Georgia State’s football team has a problem with momentum.

The Panthers can’t get it quickly enough. When they finally do, they lose it too quickly. And then they can’t get it back again.

The Panthers (1-4) hope to reverse the trend, which has fueled their four-game losing streak, when it visits South Carolina State on Saturday. Making it more difficult will be that quarterback Drew Little, who started last week’s game, won’t be able to play this week because he didn’t recover sufficiently enough from injuries sustained in last week’s loss to Murray State. Bo Schlechter, who started the season’s first three games, will start, and Kelton Hill will back him up.

“I think when you take the momentum and you have it, it’s a mark of maturity when you don’t let it go,” coach Bill Curry said. “What you learn when you become a really competent football player, you learn to play one play and then the next play and the next play without referencing the score, without referencing what the defense or offense is doing in front of you.
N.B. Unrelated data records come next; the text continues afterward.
(* On the classical Robba ring $\mathcal R(\mathbb Z_p,K)$ the nice topology coincides with the inductive limit topology.
   Context: $p$ is an odd prime, $K$ a complete discretely valued field with $\mathbb Q_p\subseteq K\subseteq\mathbb C_p$, $o_K$ its ring of integers. The classical Robba ring $\mathcal R(\mathbb Z_p,K)$ is the ring of Laurent series $\sum_{n\in\mathbb Z}a_nT^n$ ($a_n\in K$) converging on some annulus $r\le|T|<1$, i.e. with $|a_n|\rho^n\to0$ as $|n|\to\infty$ for all $\rho\in[r,1)$; here $T=\gamma-1$ for the generator $\gamma$ of $\mathbb Z_p$ (it is the case $G=\mathbb Z_p$, $d=1$, $b_1=T$ of the generalized Robba ring). For $r\le\rho<\rho'<1$ put $\|x\|_{\rho,\rho'}=\max(\sup_n|a_n|\rho^n,\sup_n|a_n|\rho'^n)$; $D_{[r,1)}(\mathbb Z_p,K)$ denotes the Fréchet space of series converging on $r\le|T|<1$ with the topology given by these norms, and the inductive limit topology on $\mathcal R(\mathbb Z_p,K)=\varinjlim_{r\to1}D_{[r,1)}(\mathbb Z_p,K)$ is the locally convex inductive limit topology. Nice topology: for $x_0=\sum_nc_{0,n}T^n$ let $L_{x_0}=\{\sum_nd_nT^n\in\mathcal R(\mathbb Z_p,K):|c_{0,-n}||d_n|\le1\ \forall n\}$; the nice topology is the locally convex topology in which an $o_K$-lattice is open iff it contains some $L_{x_0}$. *)

theory Defs
  imports Complex_Main "HOL-Computational_Algebra.Primes"
begin

text \<open>A complete discretely valued field K containing Q_p, given abstractly by an
absolute value v on a field of characteristic 0 with v(p) = 1/p.\<close>

definition cdv_field_over_Qp :: "nat \<Rightarrow> ('k::field_char_0 \<Rightarrow> real) \<Rightarrow> bool" where
  "cdv_field_over_Qp p v \<longleftrightarrow>
     (\<forall>x. 0 \<le> v x) \<and> (\<forall>x. v x = 0 \<longleftrightarrow> x = 0) \<and>
     (\<forall>x y. v (x * y) = v x * v y) \<and>
     (\<forall>x y. v (x + y) \<le> max (v x) (v y)) \<and>
     v (of_nat p) = 1 / real p \<and>
     (\<exists>\<pi>. 0 < v \<pi> \<and> v \<pi> < 1 \<and> (\<forall>x. x \<noteq> 0 \<longrightarrow> (\<exists>k::int. v x = v \<pi> powi k))) \<and>
     (\<forall>f::nat \<Rightarrow> 'k. (\<forall>\<epsilon>>0. \<exists>N. \<forall>m\<ge>N. \<forall>n\<ge>N. v (f m - f n) < \<epsilon>) \<longrightarrow>
        (\<exists>l. \<forall>\<epsilon>>0. \<exists>N. \<forall>n\<ge>N. v (f n - l) < \<epsilon>))"

text \<open>Laurent series (coefficients indexed by int) converging on r \<le> |T| < 1.\<close>
definition D_ann :: "('k \<Rightarrow> real) \<Rightarrow> real \<Rightarrow> (int \<Rightarrow> 'k) set" where
  "D_ann v r = {a. \<forall>\<rho>. r \<le> \<rho> \<and> \<rho> < 1 \<longrightarrow>
        ((\<lambda>n. v (a n) * \<rho> powi n) \<longlongrightarrow> 0) cofinite}"

definition Robba :: "('k \<Rightarrow> real) \<Rightarrow> (int \<Rightarrow> 'k) set" where
  "Robba v = (\<Union>r\<in>{0<..<1}. D_ann v r)"

definition rnorm :: "('k \<Rightarrow> real) \<Rightarrow> real \<Rightarrow> real \<Rightarrow> (int \<Rightarrow> 'k) \<Rightarrow> real" where
  "rnorm v \<rho> \<rho>' a = max (SUP n. v (a n) * \<rho> powi n) (SUP n. v (a n) * \<rho>' powi n)"

definition nbhd0_D :: "('k \<Rightarrow> real) \<Rightarrow> real \<Rightarrow> (int \<Rightarrow> 'k) set \<Rightarrow> bool" where
  "nbhd0_D v r S \<longleftrightarrow> S \<subseteq> D_ann v r \<and>
     (\<exists>F \<epsilon>. finite F \<and> (\<forall>(\<rho>, \<rho>')\<in>F. r \<le> \<rho> \<and> \<rho> < \<rho>' \<and> \<rho>' < 1) \<and> 0 < \<epsilon> \<and>
        {a \<in> D_ann v r. \<forall>(\<rho>, \<rho>')\<in>F. rnorm v \<rho> \<rho>' a < \<epsilon>} \<subseteq> S)"

definition oK_submodule :: "('k::field \<Rightarrow> real) \<Rightarrow> (int \<Rightarrow> 'k) set \<Rightarrow> bool" where
  "oK_submodule v L \<longleftrightarrow> L \<subseteq> Robba v \<and> (\<lambda>n. 0) \<in> L \<and>
     (\<forall>a\<in>L. \<forall>b\<in>L. (\<lambda>n. a n + b n) \<in> L) \<and>
     (\<forall>c a. v c \<le> 1 \<and> a \<in> L \<longrightarrow> (\<lambda>n. c * a n) \<in> L)"

definition translate :: "(int \<Rightarrow> 'k::plus) \<Rightarrow> (int \<Rightarrow> 'k) set \<Rightarrow> (int \<Rightarrow> 'k) set" where
  "translate x L = (\<lambda>l n. x n + l n) ` L"

definition L_nice :: "('k \<Rightarrow> real) \<Rightarrow> (int \<Rightarrow> 'k) \<Rightarrow> (int \<Rightarrow> 'k) set" where
  "L_nice v x0 = {d \<in> Robba v. \<forall>n. v (x0 (- n)) * v (d n) \<le> 1}"

definition nice_open :: "('k::field \<Rightarrow> real) \<Rightarrow> (int \<Rightarrow> 'k) set \<Rightarrow> bool" where
  "nice_open v U \<longleftrightarrow> U \<subseteq> Robba v \<and>
     (\<forall>x\<in>U. \<exists>L. oK_submodule v L \<and> (\<exists>x0\<in>Robba v. L_nice v x0 \<subseteq> L) \<and> translate x L \<subseteq> U)"

definition indlim_open :: "('k::field \<Rightarrow> real) \<Rightarrow> (int \<Rightarrow> 'k) set \<Rightarrow> bool" where
  "indlim_open v U \<longleftrightarrow> U \<subseteq> Robba v \<and>
     (\<forall>x\<in>U. \<exists>L. oK_submodule v L \<and> (\<forall>r\<in>{0<..<1}. nbhd0_D v r (L \<inter> D_ann v r)) \<and>
        translate x L \<subseteq> U)"

end

theory Submission
  imports Defs
begin

text \<open>
  Both topologies are described by lattice neighbourhoods \<open>x + L\<close>, so it suffices to compare
  which \<open>o_K\<close>-lattices \<open>L\<close> are admissible:

  \<^item> Every nice lattice \<open>L_{x\<^sub>0}\<close> meets each Frechet space \<open>D_[r,1)\<close> in a neighbourhood of \<open>0\<close>:
    the coefficients of \<open>x\<^sub>0\<close> are bounded by \<open>C \<rho>\<^sup>-\<^sup>n\<close> on some circle \<open>\<rho>\<close>, so a norm ball of
    radius \<open>1/C\<close> lies in \<open>L_{x\<^sub>0}\<close> (lemma \<open>L_nice_nbhd\<close>).
  \<^item> Conversely, if \<open>L \<inter> D_[r,1)\<close> is a neighbourhood of \<open>0\<close> for every \<open>r\<close>, then \<open>L\<close> contains
    weighted balls \<open>B\<^sub>k\<close> for a sequence of radii \<open>r\<^sub>k \<rightarrow> 1\<close>.  From their sizes we build a series
    \<open>x\<^sub>0\<close> in the Robba ring whose coefficients are just large enough (this uses that the value
    group contains the powers of \<open>p\<close>), and show \<open>L_{x\<^sub>0} \<subseteq> L\<close> by splitting each \<open>d \<in> L_{x\<^sub>0}\<close> into
    its nonnegative part, a negative tail and finitely many exceptional terms, each lying in
    one of the balls (lemmas \<open>exists_nice_generator\<close>, \<open>L_nice_subset\<close>).
\<close>

text \<open>The only properties of the valuation used are those of a multiplicative absolute value.\<close>
locale absolute_value =
  fixes v :: "'k::field \<Rightarrow> real"
  assumes nonneg: "0 \<le> v x"
    and zero_iff: "v x = 0 \<longleftrightarrow> x = 0"
    and mult: "v (x * y) = v x * v y"
begin

lemma zero [simp]: "v 0 = 0"
  by (simp add: zero_iff)

lemma one [simp]: "v 1 = 1"
proof -
  have "v 1 * v 1 = v 1 * 1" using mult[of 1 1] by simp
  moreover have "v 1 \<noteq> 0" by (simp add: zero_iff)
  ultimately show ?thesis by (metis mult_left_cancel)
qed

lemma inverse: "v (inverse x) = inverse (v x)"
proof (cases "x = 0")
  case False
  then have "v x * v (inverse x) = 1" by (simp flip: mult)
  then show ?thesis by (metis inverse_unique)
qed simp

lemma power: "v (x ^ n) = v x ^ n"
  by (induction n) (simp_all add: mult)

lemma powi: "v (x powi k) = v x powi k"
  by (simp add: power_int_def power inverse)

lemma value_within_factor:
  assumes vp: "v (of_nat p) = 1 / real p" and p: "p > 1" and T: "T > 0"
  shows "\<exists>c. T \<le> v c \<and> v c \<le> real p * T"
proof -
  define k where "k = \<lceil>log (real p) T\<rceil>"
  have "v ((of_nat p) powi (- k)) = real p powr real_of_int k"
    using vp p by (simp add: powi inverse power_int_minus powr_real_of_int' flip: power_int_inverse)
  moreover have "T \<le> real p powr real_of_int k"
  proof -
    have "T = real p powr log (real p) T" using p T by simp
    also have "\<dots> \<le> real p powr real_of_int k" using p by (intro powr_mono) (auto simp: k_def)
    finally show ?thesis .
  qed
  moreover have "real p powr real_of_int k \<le> real p * T"
  proof -
    have "real p powr real_of_int k \<le> real p powr (log (real p) T + 1)"
      using p by (intro powr_mono) (auto simp: k_def)
    also have "\<dots> = real p * T" using p T by (simp add: powr_add)
    finally show ?thesis .
  qed
  ultimately show ?thesis by metis
qed

lemma series_with_values:
  assumes vp: "v (of_nat p) = 1 / real p" and p: "p > 1" and T: "\<And>j. T j > 0"
  shows "\<exists>x0. \<forall>j. T j \<le> v (x0 j) \<and> v (x0 j) \<le> real p * T j"
  using value_within_factor[OF vp p T] by metis

end


lemma cofinite_null_bounded:
  fixes f :: "'a \<Rightarrow> real"
  assumes "(f \<longlongrightarrow> 0) cofinite"
  shows "\<exists>C>0. \<forall>n. norm (f n) \<le> C"
proof -
  define E where "E = {n. \<not> norm (f n) < 1}"
  have "eventually (\<lambda>n. norm (f n) < 1) cofinite"
    using tendsto_norm_zero[OF assms] by (rule order_tendstoD) simp
  then have E: "finite E" by (simp add: E_def eventually_cofinite)
  define C where "C = 1 + (\<Sum>n\<in>E. norm (f n))"
  have S0: "0 \<le> (\<Sum>n\<in>E. norm (f n))" by (simp add: sum_nonneg)
  have "norm (f n) \<le> C" for n
  proof (cases "n \<in> E")
    case True
    then have "norm (f n) \<le> (\<Sum>n\<in>E. norm (f n))" using E by (intro member_le_sum) auto
    then show ?thesis by (simp add: C_def)
  next
    case False
    then have "norm (f n) < 1" by (simp add: E_def)
    then show ?thesis using S0 unfolding C_def by linarith
  qed
  moreover have "C > 0" using S0 unfolding C_def by linarith
  ultimately show ?thesis by blast
qed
You just keep playing until somebody blows the whistle and says the game is over.”

The Panthers have been outscored by 39 points in the first half of games this season, but the third quarters have been closer. The Panthers have been outscored by only six points in the third, but the failure to finish shows itself in the fourth-quarter numbers.

In the final quarter of games, Georgia State has been outscored 47-7.

It’s hard to win if you can’t get off to a good start and you don’t finish well. Curry said it has nothing to do with conditioning. It’s a function of discipline.

“I attribute it to a lack of poise and a lack of connection and urgency,” Curry said. “The start and finish are two of the most important times, and that’s where we’ve been the poorest.”

An example of the mental effect of momentum occurred in Saturday’s 48-24 loss to the Racers, a game that the Panthers seem to have in their grasp for a few short minutes.

After a poor start, the Panthers rallied and took a 10-7 lead. The Racers responded with a touchdown to take a 14-10 lead. And then came a sequence of plays that shows the fine line the Panthers are walking this year when it comes to success and failure.

Murray State scored on an 8-yard run to take a 21-10. Schlechter, in for an injured Drew Little, overthrew a wide-open receiver running down the middle of the field on what would have been an momentum-reversing touchdown.

Schlechter followed by shanking a punt on fourth down, giving the Racers a short field. They ran a simple screen that the defense badly misplayed, resulting in a 46-yard touchdown pass. In one quarter, a possible 21-17 close game turned into a 28-10 deficit, too much for the Panthers to overcome.

“That’s 14 points; that’s an incredible morale factor,” Curry said. “So you go into the half and work the half. And then we come back and we lose our edge again. We have to keep working through those experiences and build on them until we can play the whole game. If you ask me if it would have been this difficult to teach these lessons I would have laughed. But it’s reality, so we can’t act like it’s not there.”